In order to make the movable between the printing position and the standby position as described above, the thermal head fixing member 16 to which the thermal head 15 is fixed is supported by the thermal head supporting member 20 so as to be vertically movable. Has been done.
As shown in FIG.
Shafts 17a, 17a shown in (a) are fixed,
On these shafts 17a, first rotating bodies 17, 17 serving as first sliding contact portions are provided rotatably, respectively. In addition, each shaft body 17a is a view taken along the line XX in FIG.
As shown in, the heat generating portion 15a of the thermal head 15 is positioned on the platen roller 8 by being guided into the U groove portion 2a of the sub-base portion 2.

Referring again to FIG. 1, the printer 100 is
Between the platen roller 8 and the heat generating portion of the thermal head 15 shown by the broken line, with the recording ribbon R and the card body C interposed, printing by the thermal sublimation recording method is performed as the platen roller 8 is driven. However, the recording ribbon R changes from the state shown by the solid line to the state shown by the broken line as it is consumed, and is replaced with a new one when the state shown by the broken line is reached.

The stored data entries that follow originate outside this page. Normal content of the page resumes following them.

lemma rho_le_snd_cluster_graph:
  assumes "finite X" "Y \<subseteq> X"
  shows "rho k X x y \<le> snd (cluster_graph k Y e C) x y"
proof -
  have "Bset Y e C \<subseteq> X" using Bset_subset assms(2) by (rule order_trans)
  then show ?thesis
    using rho_antimono[OF assms(1)] by (auto simp: cluster_graph_def snd_trunc_graph snd_complete_graph)
qed

lemma rho_le_snd_Hgraph: "finite X \<Longrightarrow> rho k X x y \<le> snd (Hgraph k eps X m) x y"
proof (induction m)
  case (Suc m)
  then show ?case
    using rho_le_snd_cluster_graph[OF Suc.prems Xs_subset] by (simp add: Hgraph_Suc le_INF_iff)
qed simp

lemma rho_le_snd_Fgraph:
  assumes "finite X"
  shows "rho k X x y \<le> snd (Fgraph k eps X m) x y"
  using rho_le_snd_Hgraph[OF assms] rho_antimono[OF assms Xs_subset, of k x y k eps m]
  by (simp add: Fgraph_def snd_complete_graph)

lemma same_comp_complete_graph_of_le:
  assumes "fst G = Z" "\<And>x y. w x y \<le> snd G x y" "same_comp G a p q"
  shows "same_comp (complete_graph Z w) a p q"
proof (rule same_comp_by_edges[OF _ _ assms(3)])
  fix x y assume "x \<in> fst G" "y \<in> fst G" "x \<noteq> y" "snd G x y \<le> ereal a"
  then show "same_comp (complete_graph Z w) a x y"
    using assms(1) assms(2)[of x y] by (intro same_comp_edge) (auto simp: snd_complete_graph)
qed (use assms(1) in simp)

section \<open>Cube geometry\<close>

lemma side_len_pos: "0 < e \<Longrightarrow> 0 < side_len e CARD('n::finite)"
  by (simp add: side_len_def)

lemma scale_eq_side_len: "e = 2 * sqrt (real CARD('n::finite)) * side_len e CARD('n)"
  by (simp add: side_len_def)

lemma frakN_lower_bounds:
  "2 * sqrt (real n) \<le> real (frakN n)" "3 * sqrt (real n) \<le> real (frakN n) + 1"
  using real_nat_ceiling_ge[of "sqrt (real n) - 1"] real_nat_ceiling_ge[of "2 * sqrt (real n)"]
    of_nat_0_le_iff[of "nat \<lceil>sqrt (real n) - 1\<rceil>"]
  unfolding frakN_def of_nat_add by linarith+

lemma scale_le_frakN_side_len:
  assumes "0 < e"
  shows "e \<le> real (frakN CARD('n)) * side_len e CARD('n::finite)"
proof -
  have "e = 2 * sqrt (real CARD('n)) * side_len e CARD('n)" by (rule scale_eq_side_len)
  also have "\<dots> \<le> real (frakN CARD('n)) * side_len e CARD('n)"
    using frakN_lower_bounds(1) side_len_pos[OF assms, where 'n='n] by (intro mult_right_mono) auto
  finally show ?thesis .
qed

lemma scale_plus_diam_le_frakN_side_len:
  assumes "0 < e"
  shows "e + sqrt (real CARD('n)) * side_len e CARD('n) \<le>
           (real (frakN CARD('n)) + 1) * side_len e CARD('n::finite)"
proof -
  have "e + sqrt (real CARD('n)) * side_len e CARD('n) = 3 * sqrt (real CARD('n)) * side_len e CARD('n)"
    using scale_eq_side_len[of e, where 'n='n] by linarith
  also have "\<dots> \<le> (real (frakN CARD('n)) + 1) * side_len e CARD('n)"
    using frakN_lower_bounds(2) side_len_pos[OF assms, where 'n='n] by (intro mult_right_mono) auto
  finally show ?thesis .
qed

lemma mem_cube:
  "x \<in> cube e j \<longleftrightarrow> (\<forall>i. of_int (j $ i) * side_len e CARD('n) \<le> x $ i \<and>
                         x $ i \<le> (of_int (j $ i) + 1) * side_len e CARD('n))"
  for x :: "real ^ 'n::finite"
  by (simp add: cube_def)

lemma cube_in_Qcubes: "cube e j \<in> Qcubes e"
  by (simp add: Qcubes_def)

lemma QcubesE:
  assumes "S \<in> Qcubes e"
  obtains j where "S = cube e j"
  using assms by (auto simp: Qcubes_def)

lemma mem_cube_floor:
  fixes x :: "real ^ 'n::finite"
  assumes "0 < e"
  shows "x \<in> cube e (\<chi> i. \<lfloor>x $ i / side_len e CARD('n)\<rfloor>)"
proof -
  let ?s = "side_len e CARD('n)"
  have s: "0 < ?s" by (rule side_len_pos[OF assms])
  have "of_int \<lfloor>x $ i / ?s\<rfloor> * ?s \<le> x $ i \<and> x $ i \<le> (of_int \<lfloor>x $ i / ?s\<rfloor> + 1) * ?s" for i
    using floor_divide_lower[OF s, of "x $ i"] floor_divide_upper[OF s, of "x $ i"] by simp
  then show ?thesis by (simp add: mem_cube)
qed

lemma closed_cube: "closed (cube e j :: (real ^ 'n::finite) set)"
proof -
  have "cube e j = (\<Inter>i. (\<lambda>x. x $ i) -` {of_int (j $ i) * side_len e CARD('n) ..
                                          (of_int (j $ i) + 1) * side_len e CARD('n)})"
    by (auto simp: cube_def)
  then show ?thesis by (simp add: closed_INT closed_vimage_vec_nth)
qed

lemma mem_thicken_cube:
  fixes x :: "real ^ 'n::finite"
  assumes "0 < e"
  shows "x \<in> thicken e N (cube e j) \<longleftrightarrow>
    (\<forall>i. (of_int (j $ i) - real N) * side_len e CARD('n) \<le> x $ i \<and>
         x $ i \<le> (of_int (j $ i) + 1 + real N) * side_len e CARD('n))"
proof -
  let ?s = "side_len e CARD('n)"
  have s: "0 < ?s" by (rule side_len_pos[OF assms])
  show ?thesis
  proof
    assume "x \<in> thicken e N (cube e j)"
    then obtain v where v: "v \<in> cube e j" "\<And>i. \<bar>x $ i - v $ i\<bar> \<le> real N * ?s"
      by (auto simp: thicken_def)
    show "\<forall>i. (of_int (j $ i) - real N) * ?s \<le> x $ i \<and> x $ i \<le> (of_int (j $ i) + 1 + real N) * ?s"
    proof
      fix i
      have "of_int (j $ i) * ?s \<le> v $ i" "v $ i \<le> (of_int (j $ i) + 1) * ?s"
        using v(1) by (auto simp: mem_cube)
      then show "(of_int (j $ i) - real N) * ?s \<le> x $ i \<and> x $ i \<le> (of_int (j $ i) + 1 + real N) * ?s"
        using v(2)[of i] by (auto simp: algebra_simps abs_le_iff)
    qed
  next
    assume h: "\<forall>i. (of_int (j $ i) - real N) * ?s \<le> x $ i \<and> x $ i \<le> (of_int (j $ i) + 1 + real N) * ?s"
    define v where "v = (\<chi> i. max (of_int (j $ i) * ?s) (min ((of_int (j $ i) + 1) * ?s) (x $ i)))"
    have "v \<in> cube e j" unfolding mem_cube v_def using s by (auto simp: algebra_simps)
    moreover have "\<bar>x $ i - v $ i\<bar> \<le> real N * ?s" for i
      using h[rule_format, of i] s unfolding v_def by (auto simp: algebra_simps abs_le_iff max_def min_def)
    ultimately show "x \<in> thicken e N (cube e j)" unfolding thicken_def by auto
  qed
qed

lemma subset_thicken: "0 \<le> e \<Longrightarrow> S \<subseteq> thicken e N S"
  by (force simp: thicken_def side_len_def)

lemma dist_le_in_cube:
  fixes x y :: "real ^ 'n::finite"
  assumes "x \<in> cube e j" "y \<in> cube e j" "0 < e"
  shows "dist x y \<le> sqrt (real CARD('n)) * side_len e CARD('n)"
proof -
  let ?s = "side_len e CARD('n)"
  have s: "0 < ?s" by (rule side_len_pos[OF assms(3)])
  have "dist (x $ i) (y $ i) \<le> ?s" for i
    using assms(1,2) unfolding mem_cube dist_real_def
    by (auto simp: abs_le_iff algebra_simps) (smt (verit))+
  then have "(\<Sum>i\<in>UNIV. (dist (x $ i) (y $ i))\<^sup>2) \<le> (\<Sum>i\<in>(UNIV::'n set). ?s\<^sup>2)"
    by (intro sum_mono power_mono) auto
  then have "dist x y \<le> sqrt (\<Sum>i\<in>(UNIV::'n set). ?s\<^sup>2)"
    unfolding dist_vec_def L2_set_def by (rule real_sqrt_le_mono)
  also have "\<dots> = sqrt (real CARD('n)) * ?s" using s by (simp add: real_sqrt_mult)
  finally show ?thesis .
qed

lemma finite_vec_componentwise:
  fixes F :: "'n::finite \<Rightarrow> 'a set"
  assumes "\<And>i. finite (F i)"
  shows "finite {j :: 'a ^ 'n. \<forall>i. j $ i \<in> F i}"
proof -
  have "vec_nth ` {j :: 'a ^ 'n. \<forall>i. j $ i \<in> F i} \<subseteq> PiE UNIV F"
    by (auto simp: PiE_def extensional_def)
  moreover have "finite (PiE UNIV F)" using assms by (intro finite_PiE) auto
  ultimately have "finite (vec_nth ` {j :: 'a ^ 'n. \<forall>i. j $ i \<in> F i})"
    by (rule finite_subset)
  moreover have "inj_on vec_nth {j :: 'a ^ 'n. \<forall>i. j $ i \<in> F i}"
    by (intro inj_onI) (simp add: vec_eq_iff)
  ultimately show ?thesis using finite_imageD by blast
qed

lemma finite_cubes_containing:
  fixes x :: "real ^ 'n::finite"
  assumes "0 < e"
  shows "finite {S \<in> Qcubes e. x \<in> S}"
proof -
  let ?s = "side_len e CARD('n)"
  have s: "0 < ?s" by (rule side_len_pos[OF assms])
  let ?J = "{j :: int ^ 'n. \<forall>i. j $ i \<in> {\<lfloor>x $ i / ?s\<rfloor> - 1, \<lfloor>x $ i / ?s\<rfloor>}}"
  have "j \<in> ?J" if "x \<in> cube e j" for j
  proof -
    have "j $ i = \<lfloor>x $ i / ?s\<rfloor> - 1 \<or> j $ i = \<lfloor>x $ i / ?s\<rfloor>" for i
    proof -
      have "of_int (j $ i) \<le> x $ i / ?s" "x $ i / ?s \<le> of_int (j $ i) + 1"
        using that s by (auto simp: mem_cube pos_le_divide_eq pos_divide_le_eq)
      then have "j $ i \<le> \<lfloor>x $ i / ?s\<rfloor>" "\<lfloor>x $ i / ?s\<rfloor> \<le> j $ i + 1"
        by (simp_all add: le_floor_iff floor_le_iff)
      then show ?thesis by linarith
    qed
    then show ?thesis by simp
  qed
  then have "{S \<in> Qcubes e. x \<in> S} \<subseteq> cube e ` ?J"
    by (auto simp: Qcubes_def)
  moreover have "finite (cube e ` ?J)"
    by (intro finite_imageI finite_vec_componentwise) auto
  ultimately show ?thesis by (rule finite_subset)
qed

In order to replace the recording ribbon R in this way, the thermal head support member 20 is
The shaft 55 fixed to the main base 1 is rotatably provided (in the direction of arrow K), and the locking mechanism 56 fixed to the main base 1 allows the locked state to be maintained at the illustrated position. There is.

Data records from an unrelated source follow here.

section \<open>The penalty with extended-real bounds\<close>

text \<open>For \<open>l \<le> 0 < u\<close> the term \<open>max (l k) (u k)\<close> is \<open>\<infinity>\<close> exactly when an infinite bound meets
  an entry \<open>k\<close> of the excluded sign; otherwise it equals \<open>entry_penalty l u k\<close>, in which
  \<open>real_of_ereal\<close> sends an infinite bound to \<open>0\<close> on the inactive side of the maximum.\<close>

definition entry_feasible :: "ereal \<Rightarrow> ereal \<Rightarrow> real \<Rightarrow> bool" where
  "entry_feasible l u k \<longleftrightarrow> (u = \<infinity> \<longrightarrow> k \<le> 0) \<and> (l = -\<infinity> \<longrightarrow> 0 \<le> k)"

definition entry_penalty :: "ereal \<Rightarrow> ereal \<Rightarrow> real \<Rightarrow> real" where
  "entry_penalty l u k = max (real_of_ereal l * k) (real_of_ereal u * k)"

lemma max_mult_ereal_feasible:
  assumes "l \<le> 0" "0 < u" "entry_feasible l u k"
  shows "max (l * ereal k) (u * ereal k) = ereal (entry_penalty l u k)"
  using assms unfolding entry_penalty_def entry_feasible_def
  by (cases l; cases u; cases "k > 0"; cases "k = 0") (auto simp: max_def mult_le_0_iff)

lemma max_mult_ereal_infeasible:
  assumes "l \<le> 0" "0 < u" "\<not> entry_feasible l u k"
  shows "max (l * ereal k) (u * ereal k) = \<infinity>"
  using assms unfolding entry_feasible_def
  by (cases l; cases u; cases "k > 0"; cases "k = 0") (auto simp: max_def)

lemma entry_penalty_ge_pos_part:
  assumes "l \<le> 0" "ereal \<rho> \<le> u" "0 < \<rho>" "entry_feasible l u k"
  shows "\<rho> * max 0 k \<le> entry_penalty l u k"
proof (cases "0 \<le> k")
  case True
  have "ereal (\<rho> * k) = ereal \<rho> * ereal k" by simp
  also have "\<dots> \<le> u * ereal k" using assms(2) True by (intro ereal_mult_right_mono) auto
  also have "\<dots> \<le> max (l * ereal k) (u * ereal k)" by simp
  also have "\<dots> = ereal (entry_penalty l u k)"
    using assms by (intro max_mult_ereal_feasible) (auto intro: less_le_trans[of 0 "ereal \<rho>"])
  finally show ?thesis using True by simp
next
  case False
  have "real_of_ereal l \<le> 0" using assms(1) by (cases l) auto
  then have "0 \<le> real_of_ereal l * k" using False by (simp add: mult_nonpos_nonpos)
  then show ?thesis using False unfolding entry_penalty_def by simp
qed

lemma entry_penalty_midpoint:
  "entry_penalty l u ((x + y) / 2) \<le> (entry_penalty l u x + entry_penalty l u y) / 2"
  unfolding entry_penalty_def by (simp add: max_def field_simps)

definition feasible :: "ereal^'n^'n \<Rightarrow> ereal^'n^'n \<Rightarrow> real^'n^'n \<Rightarrow> bool" where
  "feasible L U K \<longleftrightarrow> (\<forall>i j. i \<noteq> j \<longrightarrow> entry_feasible (L$i$j) (U$i$j) (K$i$j))"

definition penalty :: "ereal^'n^'n \<Rightarrow> ereal^'n^'n \<Rightarrow> real^'n^'n \<Rightarrow> real" where
  "penalty L U K = offdiag_sum (\<lambda>i j. entry_penalty (L$i$j) (U$i$j) (K$i$j))"

definition gen_glasso_obj_real ::
  "real^'n^'n \<Rightarrow> ereal^'n^'n \<Rightarrow> ereal^'n^'n \<Rightarrow> real^'n^'n \<Rightarrow> real" where
  "gen_glasso_obj_real S L U K = - ln (det K) + (trace (S ** K) + penalty L U K)"

lemma gen_glasso_obj_feasible:
  assumes L: "\<forall>i j. L$i$j \<le> 0" and U: "\<forall>i j. i \<noteq> j \<longrightarrow> 0 < U$i$j" and "feasible L U K"
  shows "gen_glasso_obj S L U K = ereal (gen_glasso_obj_real S L U K)"
proof -
  have "max (L$i$j * ereal (K$i$j)) (U$i$j * ereal (K$i$j))
      = ereal (entry_penalty (L$i$j) (U$i$j) (K$i$j))" if "i \<noteq> j" for i j
    using max_mult_ereal_feasible L U \<open>feasible L U K\<close> that unfolding feasible_def by blast
  then show ?thesis unfolding gen_glasso_obj_def gen_glasso_obj_real_def penalty_def
    by (simp add: add.assoc)
qed

lemma gen_glasso_obj_infeasible:
  assumes L: "\<forall>i j. L$i$j \<le> 0" and U: "\<forall>i j. i \<noteq> j \<longrightarrow> 0 < U$i$j" and "\<not> feasible L U K"
  shows "gen_glasso_obj S L U K = \<infinity>"
proof -
  obtain i j where "i \<noteq> j" and "\<not> entry_feasible (L$i$j) (U$i$j) (K$i$j)"
    using \<open>\<not> feasible L U K\<close> unfolding feasible_def by blast
  then have "max (L$i$j * ereal (K$i$j)) (U$i$j * ereal (K$i$j)) = \<infinity>"
    using max_mult_ereal_infeasible L U by blast
  then have "(\<Sum>j\<in>UNIV - {i}. max (L$i$j * ereal (K$i$j)) (U$i$j * ereal (K$i$j))) = \<infinity>"
    using \<open>i \<noteq> j\<close> by (subst sum_Pinfty) auto
  then have "offdiag_sum (\<lambda>i j. max (L$i$j * ereal (K$i$j)) (U$i$j * ereal (K$i$j))) = \<infinity>"
    by (subst sum_Pinfty) auto
  then show ?thesis unfolding gen_glasso_obj_def by simp
qed

lemma feasible_mat_1: "feasible L U (mat 1)"
  unfolding feasible_def entry_feasible_def by (simp add: mat_def)

lemma gen_glasso_obj_minimizer_iff:
  fixes K :: "real^'n^'n"
  assumes L: "\<forall>i j. L$i$j \<le> 0" and U: "\<forall>i j. i \<noteq> j \<longrightarrow> 0 < U$i$j"
  shows "(\<forall>K'. pd_mat K' \<longrightarrow> gen_glasso_obj S L U K \<le> gen_glasso_obj S L U K') \<longleftrightarrow>
    feasible L U K \<and>
    (\<forall>K'. feasible L U K' \<longrightarrow> pd_mat K' \<longrightarrow> gen_glasso_obj_real S L U K \<le> gen_glasso_obj_real S L U K')"
    (is "?min \<longleftrightarrow> ?feasible_min")
proof
  assume ?min
  then have "gen_glasso_obj S L U K \<le> gen_glasso_obj S L U (mat 1)" using pd_mat_1 by blast
  then have "gen_glasso_obj S L U K \<noteq> \<infinity>"
    using gen_glasso_obj_feasible[OF L U feasible_mat_1] by auto
  then have "feasible L U K" using gen_glasso_obj_infeasible[OF L U] by blast
  moreover have "gen_glasso_obj_real S L U K \<le> gen_glasso_obj_real S L U K'"
    if "feasible L U K'" "pd_mat K'" for K' :: "real^'n^'n"
  proof -
    have "gen_glasso_obj S L U K \<le> gen_glasso_obj S L U K'" using \<open>?min\<close> that(2) by blast
    then show ?thesis using that(1) \<open>feasible L U K\<close> by (simp add: gen_glasso_obj_feasible[OF L U])
  qed
  ultimately show ?feasible_min by blast
next
  assume ?feasible_min
  show ?min
  proof (intro allI impI)
    fix K' :: "real^'n^'n" assume "pd_mat K'"
    show "gen_glasso_obj S L U K \<le> gen_glasso_obj S L U K'"
    proof (cases "feasible L U K'")
      case True
      then show ?thesis
        using \<open>?feasible_min\<close> \<open>pd_mat K'\<close> by (simp add: gen_glasso_obj_feasible[OF L U])
    qed (simp add: gen_glasso_obj_infeasible[OF L U])
  qed
qed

By releasing the locking mechanism 56, the thermal head support member 20 is allowed to rotate clockwise in the direction of arrow K so that the recording ribbon R can be set as shown in the drawing. .

The thermal head supporting member 20 is formed with elongated holes 20a, 20a extending in the vertical direction, and the thermal head fixing member 16 is fixed to the elongated holes 20a, 20a. Pin 16a, 16
By infiltrating a, the thermal head fixing member 16 is supported so as to be vertically movable. Further, the thermal head support member 20 is screwed with the adjusting screw 22, and
A lateral member 23 is provided at the lower end of the adjusting screw 22.
A pair of compression springs 21 are provided between the horizontal member 23 and the thermal head fixing member 16, and the compression springs 21 are compressed to obtain a printing pressure required for printing. The printing pressure can be adjusted by rotating the adjusting screw 22. Further, the thermal head fixing member 1 to which the thermal head 15 is fixed
6 has a degree of freedom to move in the direction of arrow M with respect to the thermal head support member 20, and
The heat generating portion 15a is always brought into contact with the platen roller with a uniform printing pressure.

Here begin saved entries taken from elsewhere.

definition has_succ :: "'a list \<Rightarrow> bool" where
  "has_succ x \<longleftrightarrow> 0 < n \<and> (fsgn gam x n = 1 \<or> low_levels x \<noteq> {})"

definition has_pred :: "'a list \<Rightarrow> bool" where
  "has_pred x \<longleftrightarrow> 0 < n \<and> (fsgn gam x n \<noteq> 1 \<or> low_levels x \<noteq> {})"

definition flag_succ :: "'a list \<Rightarrow> 'a list" where
  "flag_succ x = neighbour (succ_level x) x"

definition flag_pred :: "'a list \<Rightarrow> 'a list" where
  "flag_pred x = neighbour (pred_level x) x"

lemma succ_level_less:
  assumes "has_succ x"
  shows "succ_level x < n"
proof (cases "fsgn gam x n = 1")
  case False
  then have "low_levels x \<noteq> {}" using assms unfolding has_succ_def by simp
  then show ?thesis using Max_low_levels(1) False unfolding succ_level_def by fastforce
qed (use assms in \<open>simp add: has_succ_def succ_level_def\<close>)

lemma pred_level_less:
  assumes "has_pred x"
  shows "pred_level x < n"
proof (cases "fsgn gam x n = 1")
  case True
  then have "low_levels x \<noteq> {}" using assms unfolding has_pred_def by simp
  then show ?thesis using Max_low_levels(1) True unfolding pred_level_def by fastforce
qed (use assms in \<open>simp add: has_pred_def pred_level_def\<close>)

lemma flag_succ_in_flags: "x \<in> flags \<Longrightarrow> has_succ x \<Longrightarrow> flag_succ x \<in> flags"
  unfolding flag_succ_def using neighbour_in_flags succ_level_less by blast

lemma flag_pred_in_flags: "x \<in> flags \<Longrightarrow> has_pred x \<Longrightarrow> flag_pred x \<in> flags"
  unfolding flag_pred_def using neighbour_in_flags pred_level_less by blast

Recording ribbon R for printing in the thermal sublimation recording system
Is provided with a supply spool 30 and a take-up spool 31 which are wound as shown in the drawing so as to be attachable to and detachable from the main base 1. The take-up spool 31 is configured to be taken up by the motor M2. In this recording ribbon R, each ink layer having an area corresponding to the area of one printing screen of a card body is laid on a base film,
Solid ink layers of three primary colors of yellow (Y), magenta (M), and cyan (C) capable of reproducing all colors by additive color mixing are laid. Further, in many cases, in order to secure more weather resistance and durability, an overcoat layer forming a protective layer is formed in addition to these ink layers. The recording ribbon R is set so as to pass between the heat generating portion 15a of the thermal head 15 and the platen roller 8 as illustrated.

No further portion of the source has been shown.